Nearly 80 per cent of the over one billion tobacco smokers globally live in low- and middle-income countries like India, WHO said on Tuesday and asserted that policies to control its use, including taxation and price increase, can generate revenues for health care and development work.

According to a new landmark global report by the World Health Organization (WHO) and the National Cancer Institute of the USA, published in ‘the economics of tobacco and tobacco control’, around 6 million people die annually as a result of tobacco use, with most of them living in developing countries.

“Policies to control tobacco use, including tobacco tax and price increases, can generate significant government revenues for health and development work. Such measures can also greatly reduce tobacco use and protect people’s health from the world’s leading killers, such as cancers and heart disease,” the report said.

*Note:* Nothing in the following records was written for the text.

(* Let $\Sigma$ be an arbitrary group and $A$ a difference ring, and let $X=\operatorname{PSpec}A$ with the topology whose closed sets are the sets $V(E)$, $E\subseteq A$. For $s\in A$ let $X_s=X\setminus V(s)$. Then: (1) for all $s,t\in A$, $X_s\cap X_t=\bigcup_{\sigma,\tau\in\Sigma}X_{\sigma(s)\tau(t)}$; (2) $X_s=\emptyset$ if and only if $s$ is nilpotent; (3) $X$ is quasi-compact; (4) the maps $\mathfrak t\mapsto V(\mathfrak t)$ and $Z\mapsto\bigcap_{\mathfrak q\in Z}\mathfrak q$ are mutually inverse bijections between the set of radical difference ideals of $A$ and the set of closed subsets of $X$.
   Context: Let $\Sigma$ be a group. A difference ring is a commutative ring $A$ with identity together with an action of $\Sigma$ on $A$ by ring automorphisms. A difference ideal is an ideal $\mathfrak a$ with $\sigma(\mathfrak a)\subseteq\mathfrak a$ for all $\sigma\in\Sigma$. A difference ideal $\mathfrak q$ is pseudoprime if there is a multiplicatively closed subset $S\subseteq A$ with $1\in S$ such that $\mathfrak q$ is maximal among difference ideals of $A$ not meeting $S$. $\operatorname{PSpec}A$ denotes the set of pseudoprime ideals of $A$, and for $E\subseteq A$, $V(E)$ is the set of pseudoprime ideals containing $E$; these sets are the closed sets of a topology on $\operatorname{PSpec}A$. *)

theory Defs
  imports Main "HOL-Algebra.Group"
begin

definition ring_automorphism :: "('a::comm_ring_1 \<Rightarrow> 'a) \<Rightarrow> bool" where
  "ring_automorphism f \<longleftrightarrow> bij f \<and> (\<forall>x y. f (x + y) = f x + f y)
     \<and> (\<forall>x y. f (x * y) = f x * f y) \<and> f 1 = 1"

definition difference_ring :: "('g, 'b) monoid_scheme \<Rightarrow> ('g \<Rightarrow> 'a::comm_ring_1 \<Rightarrow> 'a) \<Rightarrow> bool" where
  "difference_ring G act \<longleftrightarrow> group G
     \<and> (\<forall>g\<in>carrier G. ring_automorphism (act g))
     \<and> act \<one>\<^bsub>G\<^esub> = id
     \<and> (\<forall>g\<in>carrier G. \<forall>h\<in>carrier G. act (g \<otimes>\<^bsub>G\<^esub> h) = act g \<circ> act h)"

definition is_ideal :: "'a::comm_ring_1 set \<Rightarrow> bool" where
  "is_ideal I \<longleftrightarrow> 0 \<in> I \<and> (\<forall>x\<in>I. \<forall>y\<in>I. x + y \<in> I) \<and> (\<forall>r. \<forall>x\<in>I. r * x \<in> I)"

definition difference_ideal :: "('g, 'b) monoid_scheme \<Rightarrow> ('g \<Rightarrow> 'a::comm_ring_1 \<Rightarrow> 'a) \<Rightarrow> 'a set \<Rightarrow> bool" where
  "difference_ideal G act I \<longleftrightarrow> is_ideal I \<and> (\<forall>\<sigma>\<in>carrier G. act \<sigma> ` I \<subseteq> I)"

definition radical_ideal :: "'a::comm_ring_1 set \<Rightarrow> bool" where
  "radical_ideal I \<longleftrightarrow> is_ideal I \<and> (\<forall>x n. x ^ n \<in> I \<longrightarrow> x \<in> I)"

definition mult_closed :: "'a::comm_ring_1 set \<Rightarrow> bool" where
  "mult_closed S \<longleftrightarrow> 1 \<in> S \<and> (\<forall>x\<in>S. \<forall>y\<in>S. x * y \<in> S)"

definition pseudoprime :: "('g, 'b) monoid_scheme \<Rightarrow> ('g \<Rightarrow> 'a::comm_ring_1 \<Rightarrow> 'a) \<Rightarrow> 'a set \<Rightarrow> bool" where
  "pseudoprime G act q \<longleftrightarrow> (\<exists>S. mult_closed S \<and>
     difference_ideal G act q \<and> q \<inter> S = {} \<and>
     (\<forall>J. difference_ideal G act J \<and> J \<inter> S = {} \<and> q \<subseteq> J \<longrightarrow> J = q))"

definition PSpec :: "('g, 'b) monoid_scheme \<Rightarrow> ('g \<Rightarrow> 'a::comm_ring_1 \<Rightarrow> 'a) \<Rightarrow> 'a set set" where
  "PSpec G act = {q. pseudoprime G act q}"

definition PV :: "('g, 'b) monoid_scheme \<Rightarrow> ('g \<Rightarrow> 'a::comm_ring_1 \<Rightarrow> 'a) \<Rightarrow> 'a set \<Rightarrow> 'a set set" where
  "PV G act E = {q \<in> PSpec G act. E \<subseteq> q}"

definition PD :: "('g, 'b) monoid_scheme \<Rightarrow> ('g \<Rightarrow> 'a::comm_ring_1 \<Rightarrow> 'a) \<Rightarrow> 'a \<Rightarrow> 'a set set" where
  "PD G act s = PSpec G act - PV G act {s}"

definition pspec_closed :: "('g, 'b) monoid_scheme \<Rightarrow> ('g \<Rightarrow> 'a::comm_ring_1 \<Rightarrow> 'a) \<Rightarrow> 'a set set \<Rightarrow> bool" where
  "pspec_closed G act Z \<longleftrightarrow> (\<exists>E. Z = PV G act E)"

definition pspec_open :: "('g, 'b) monoid_scheme \<Rightarrow> ('g \<Rightarrow> 'a::comm_ring_1 \<Rightarrow> 'a) \<Rightarrow> 'a set set \<Rightarrow> bool" where
  "pspec_open G act U \<longleftrightarrow> U \<subseteq> PSpec G act \<and> pspec_closed G act (PSpec G act - U)"

definition pspec_quasi_compact :: "('g, 'b) monoid_scheme \<Rightarrow> ('g \<Rightarrow> 'a::comm_ring_1 \<Rightarrow> 'a) \<Rightarrow> bool" where
  "pspec_quasi_compact G act \<longleftrightarrow> (\<forall>\<U>. (\<forall>U\<in>\<U>. pspec_open G act U) \<and> PSpec G act \<subseteq> \<Union>\<U> \<longrightarrow>
      (\<exists>\<F>\<subseteq>\<U>. finite \<F> \<and> PSpec G act \<subseteq> \<Union>\<F>))"

end

theory Submission
  imports Defs
begin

Left unchecked, the tobacco industry and the deadly impact of its products cost the world’s economies more than USD 1 trillion annually in health care expenditures and lost productivity, it said.

The almost 700-page report examines existing evidence on two broad areas -- the economics of tobacco control, including tobacco use and growing, manufacturing and trade, taxes and prices, control policies and other interventions to reduce tobacco use and its consequences and the economic implications of global tobacco control efforts.

“Globally, there are 1.1 billion tobacco smokers aged 15 or older, with around 80 per cent living in low- and middle-income countries. Approximately 226 million smokers live in poverty,” it said.

The monograph, citing a 2016 study, states that annual excise revenues from cigarettes globally could increase by 47 per cent or USD 140 billion, if all countries raised excise taxes by about USD 0.80 per pack.